— Stored data —

text \<open>The pruned MDP M'. States outside S' = {s. Val s > 0} have no legal actions
  (and are never reached from S' since P'(s,a,s') = 0 when Val s' = 0).\<close>
definition pruned :: "('s::finite,'a::finite) mdp \<Rightarrow> 's set \<Rightarrow> ('s,'a) mdp" where
  "pruned P T s a =
     (if 0 < Val P T s \<and> (s,a) \<in> Opt P T
      then Some (\<lambda>t. trans P s a t * Val P T t / Val P T s) else None)"

text \<open>E_{\<sigma>,s}(len_T), where len_T = \<infinity> on paths not visiting T.\<close>
definition exp_len :: "('s::finite,'a::finite) mdp \<Rightarrow> 's set \<Rightarrow> ('s list \<Rightarrow> 'a \<Rightarrow> real) \<Rightarrow> 's \<Rightarrow> ennreal" where
  "exp_len P T \<sigma> s =
     (\<Sum>r. of_nat r * ennreal (hit_prob P T \<sigma> s r)) + top * (1 - reach_prob P T \<sigma> s)"

definition cond_exp_len :: "('s::finite,'a::finite) mdp \<Rightarrow> 's set \<Rightarrow> ('s list \<Rightarrow> 'a \<Rightarrow> real) \<Rightarrow> 's \<Rightarrow> ennreal" where
  "cond_exp_len P T \<sigma> s =
     (\<Sum>r. of_nat r * ennreal (hit_prob P T \<sigma> s r)) / reach_prob P T \<sigma> s"

end

theory Submission
  imports Defs
begin

text \<open>Since Val is a supersolution of the Bellman equation, an optimal strategy can
  lose nothing along the way: it only plays actions of Opt, and after every first step of positive
  probability it continues optimally from the successor. The first-step weight of the pruned MDP
  is therefore the original one rescaled by Val(t)/Val(s), and by induction on r these factors
  telescope: the probability in M' of hitting T first at time r equals Pr(len_T = r)/Val(s0).
  Summing over r, the strategy reaches T almost surely in M', so the infinite part of E' vanishes
  and E' is the conditional expectation.\<close>

abbreviation (input) shift_strategy :: "'s \<Rightarrow> ('s list \<Rightarrow> 'a \<Rightarrow> real) \<Rightarrow> 's list \<Rightarrow> 'a \<Rightarrow> real" where
  "shift_strategy s \<sigma> \<equiv> \<lambda>xs. \<sigma> (s # xs)"

lemma trans_nonneg: "is_mdp P \<Longrightarrow> 0 \<le> trans P s a t"
  unfolding is_mdp_def trans_def by (cases "P s a") auto

lemma sum_trans_eq_1: "is_mdp P \<Longrightarrow> P s a \<noteq> None \<Longrightarrow> (\<Sum>t\<in>UNIV. trans P s a t) = 1"
  unfolding is_mdp_def trans_def by (cases "P s a") auto

lemma strategy_nonneg: "\<sigma> \<in> strategies P \<Longrightarrow> xs \<noteq> [] \<Longrightarrow> 0 \<le> \<sigma> xs a"
  unfolding strategies_def by auto

lemma strategy_sum_eq_1: "\<sigma> \<in> strategies P \<Longrightarrow> xs \<noteq> [] \<Longrightarrow> sum (\<sigma> xs) UNIV = 1"
  unfolding strategies_def by auto

lemma strategy_legal: "\<sigma> \<in> strategies P \<Longrightarrow> xs \<noteq> [] \<Longrightarrow> 0 < \<sigma> xs a \<Longrightarrow> P (last xs) a \<noteq> None"
  unfolding strategies_def by auto

lemma shift_strategy_in_strategies:
  fixes \<sigma> :: "'s::finite list \<Rightarrow> 'a::finite \<Rightarrow> real"
  assumes "\<sigma> \<in> strategies P"
  shows "shift_strategy s \<sigma> \<in> strategies P"
  unfolding strategies_def
proof (intro CollectI allI impI)
  fix xs :: "'s list"
  assume "xs \<noteq> []"
  have "s # xs \<noteq> []" by simp
  then have "(\<forall>a. 0 \<le> \<sigma> (s # xs) a) \<and> sum (\<sigma> (s # xs)) UNIV = 1 \<and>
      (\<forall>a. 0 < \<sigma> (s # xs) a \<longrightarrow> P (last (s # xs)) a \<noteq> None)"
    using assms unfolding strategies_def by blast
  with \<open>xs \<noteq> []\<close> show "(\<forall>a. 0 \<le> \<sigma> (s # xs) a) \<and> sum (\<sigma> (s # xs)) UNIV = 1 \<and>
      (\<forall>a. 0 < \<sigma> (s # xs) a \<longrightarrow> P (last xs) a \<noteq> None)"
    by simp
qed

lemma ex_strategy:
  assumes "is_mdp P"
  shows "\<exists>\<sigma>. \<sigma> \<in> strategies P"
proof
  define choice where "choice s = (SOME a. P s a \<noteq> None)" for s
  have legal: "P s (choice s) \<noteq> None" for s
  proof -
    have "\<exists>a. P s a \<noteq> None" using assms unfolding is_mdp_def by blast
    then show ?thesis unfolding choice_def by (rule someI_ex)
  qed
  show "(\<lambda>xs a. if a = choice (last xs) then 1 else 0) \<in> strategies P"
    unfolding strategies_def using legal by simp
qed

definition first_hits :: "'s set \<Rightarrow> 's \<Rightarrow> nat \<Rightarrow> 's list set" where
  "first_hits T s r = {xs. length xs = Suc r \<and> xs ! 0 = s \<and> xs ! r \<in> T \<and> (\<forall>i<r. xs ! i \<notin> T)}"

lemma first_hits_0: "first_hits T s 0 = (if s \<in> T then {[s]} else {})"
  by (auto simp: first_hits_def length_Suc_conv)

lemma first_hits_Suc_target: "s \<in> T \<Longrightarrow> first_hits T s (Suc r) = {}"
  by (auto simp: first_hits_def)

lemma first_hits_Suc:
  assumes "s \<notin> T"
  shows "first_hits T s (Suc r) = (\<Union>t. (#) s ` first_hits T t r)"
proof (intro set_eqI iffI)
  fix xs assume "xs \<in> first_hits T s (Suc r)"
  then obtain ys where "xs = s # ys" "ys \<in> first_hits T (ys ! 0) r"
    by (cases xs) (auto simp: first_hits_def All_less_Suc2)
  then show "xs \<in> (\<Union>t. (#) s ` first_hits T t r)" by blast
next
  fix xs assume "xs \<in> (\<Union>t. (#) s ` first_hits T t r)"
  with assms show "xs \<in> first_hits T s (Suc r)"
    by (auto simp: first_hits_def All_less_Suc2)
qed

lemma finite_first_hits: "finite (first_hits T (s::'s::finite) r)"
  by (rule finite_subset[OF _ finite_lists_length_eq[of UNIV "Suc r"]]) (auto simp: first_hits_def)

lemma hit_prob_eq_sum_first_hits: "hit_prob P T \<sigma> s r = (\<Sum>xs\<in>first_hits T s r. path_prob P \<sigma> xs)"
  by (simp add: hit_prob_def first_hits_def)

definition step_prob :: "('s,'a::finite) mdp \<Rightarrow> ('s list \<Rightarrow> 'a \<Rightarrow> real) \<Rightarrow> 's \<Rightarrow> 's \<Rightarrow> real" where
  "step_prob P \<sigma> s t = (\<Sum>a\<in>UNIV. \<sigma> [s] a * trans P s a t)"

lemma path_prob_Cons:
  assumes "ys \<noteq> []"
  shows "path_prob P \<sigma> (s # ys) = step_prob P \<sigma> s (hd ys) * path_prob P (shift_strategy s \<sigma>) ys"
proof -
  obtain m where m: "length ys = Suc m" using assms by (cases ys) auto
  have "path_prob P \<sigma> (s # ys) =
      (\<Prod>i<Suc m. \<Sum>a\<in>UNIV. \<sigma> (take (Suc i) (s # ys)) a * trans P ((s # ys) ! i) a ((s # ys) ! Suc i))"
    unfolding path_prob_def using m by simp
  also have "\<dots> = step_prob P \<sigma> s (hd ys) *
      (\<Prod>i<m. \<Sum>a\<in>UNIV. \<sigma> (s # take (Suc i) ys) a * trans P (ys ! i) a (ys ! Suc i))"
    unfolding prod.lessThan_Suc_shift step_prob_def using assms by (simp add: hd_conv_nth)
  finally show ?thesis unfolding path_prob_def using m by simp
qed

lemma hit_prob_0: "hit_prob P T \<sigma> s 0 = (if s \<in> T then 1 else 0)"
  by (simp add: hit_prob_eq_sum_first_hits first_hits_0 path_prob_def)

lemma hit_prob_Suc_target: "s \<in> T \<Longrightarrow> hit_prob P T \<sigma> s (Suc r) = 0"
  by (simp add: hit_prob_eq_sum_first_hits first_hits_Suc_target)

lemma hit_prob_Suc:
  fixes P :: "('s::finite,'a::finite) mdp"
  assumes "s \<notin> T"
  shows "hit_prob P T \<sigma> s (Suc r) = (\<Sum>t\<in>UNIV. step_prob P \<sigma> s t * hit_prob P T (shift_strategy s \<sigma>) t r)"
proof -
  have "hit_prob P T \<sigma> s (Suc r) = (\<Sum>t\<in>UNIV. \<Sum>xs\<in>(#) s ` first_hits T t r. path_prob P \<sigma> xs)"
    unfolding hit_prob_eq_sum_first_hits first_hits_Suc[OF assms]
    by (rule sum.UNION_disjoint) (auto simp: finite_first_hits, auto simp: first_hits_def)
  also have "\<dots> = (\<Sum>t\<in>UNIV. \<Sum>ys\<in>first_hits T t r. step_prob P \<sigma> s t * path_prob P (shift_strategy s \<sigma>) ys)"
  proof (rule sum.cong[OF refl])
    fix t
    have "path_prob P \<sigma> (s # ys) = step_prob P \<sigma> s t * path_prob P (shift_strategy s \<sigma>) ys"
      if "ys \<in> first_hits T t r" for ys
      using that path_prob_Cons[of ys] by (cases ys) (auto simp: first_hits_def)
    then show "(\<Sum>xs\<in>(#) s ` first_hits T t r. path_prob P \<sigma> xs) =
        (\<Sum>ys\<in>first_hits T t r. step_prob P \<sigma> s t * path_prob P (shift_strategy s \<sigma>) ys)"
      by (simp add: sum.reindex)
  qed
  finally show ?thesis by (simp add: hit_prob_eq_sum_first_hits sum_distrib_left)
qed

lemma path_prob_nonneg:
  assumes "is_mdp P" "\<sigma> \<in> strategies P"
  shows "0 \<le> path_prob P \<sigma> xs"
  unfolding path_prob_def
  by (intro prod_nonneg sum_nonneg mult_nonneg_nonneg trans_nonneg[OF assms(1)] strategy_nonneg[OF assms(2)]) auto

— Your instructions —
In the data above, which lines lie between the line with "by (auto simp: first_hits_def All_less_Suc2)" and the line with "by (simp add: hit_prob_eq_sum_first_hits first_hits_0", inclusive? Print those lines exactly and nothing else.

— Answer to the problem —
    by (auto simp: first_hits_def All_less_Suc2)
qed

lemma finite_first_hits: "finite (first_hits T (s::'s::finite) r)"
  by (rule finite_subset[OF _ finite_lists_length_eq[of UNIV "Suc r"]]) (auto simp: first_hits_def)

lemma hit_prob_eq_sum_first_hits: "hit_prob P T \<sigma> s r = (\<Sum>xs\<in>first_hits T s r. path_prob P \<sigma> xs)"
  by (simp add: hit_prob_def first_hits_def)

definition step_prob :: "('s,'a::finite) mdp \<Rightarrow> ('s list \<Rightarrow> 'a \<Rightarrow> real) \<Rightarrow> 's \<Rightarrow> 's \<Rightarrow> real" where
  "step_prob P \<sigma> s t = (\<Sum>a\<in>UNIV. \<sigma> [s] a * trans P s a t)"

lemma path_prob_Cons:
  assumes "ys \<noteq> []"
  shows "path_prob P \<sigma> (s # ys) = step_prob P \<sigma> s (hd ys) * path_prob P (shift_strategy s \<sigma>) ys"
proof -
  obtain m where m: "length ys = Suc m" using assms by (cases ys) auto
  have "path_prob P \<sigma> (s # ys) =
      (\<Prod>i<Suc m. \<Sum>a\<in>UNIV. \<sigma> (take (Suc i) (s # ys)) a * trans P ((s # ys) ! i) a ((s # ys) ! Suc i))"
    unfolding path_prob_def using m by simp
  also have "\<dots> = step_prob P \<sigma> s (hd ys) *
      (\<Prod>i<m. \<Sum>a\<in>UNIV. \<sigma> (s # take (Suc i) ys) a * trans P (ys ! i) a (ys ! Suc i))"
    unfolding prod.lessThan_Suc_shift step_prob_def using assms by (simp add: hd_conv_nth)
  finally show ?thesis unfolding path_prob_def using m by simp
qed

lemma hit_prob_0: "hit_prob P T \<sigma> s 0 = (if s \<in> T then 1 else 0)"
  by (simp add: hit_prob_eq_sum_first_hits first_hits_0 path_prob_def)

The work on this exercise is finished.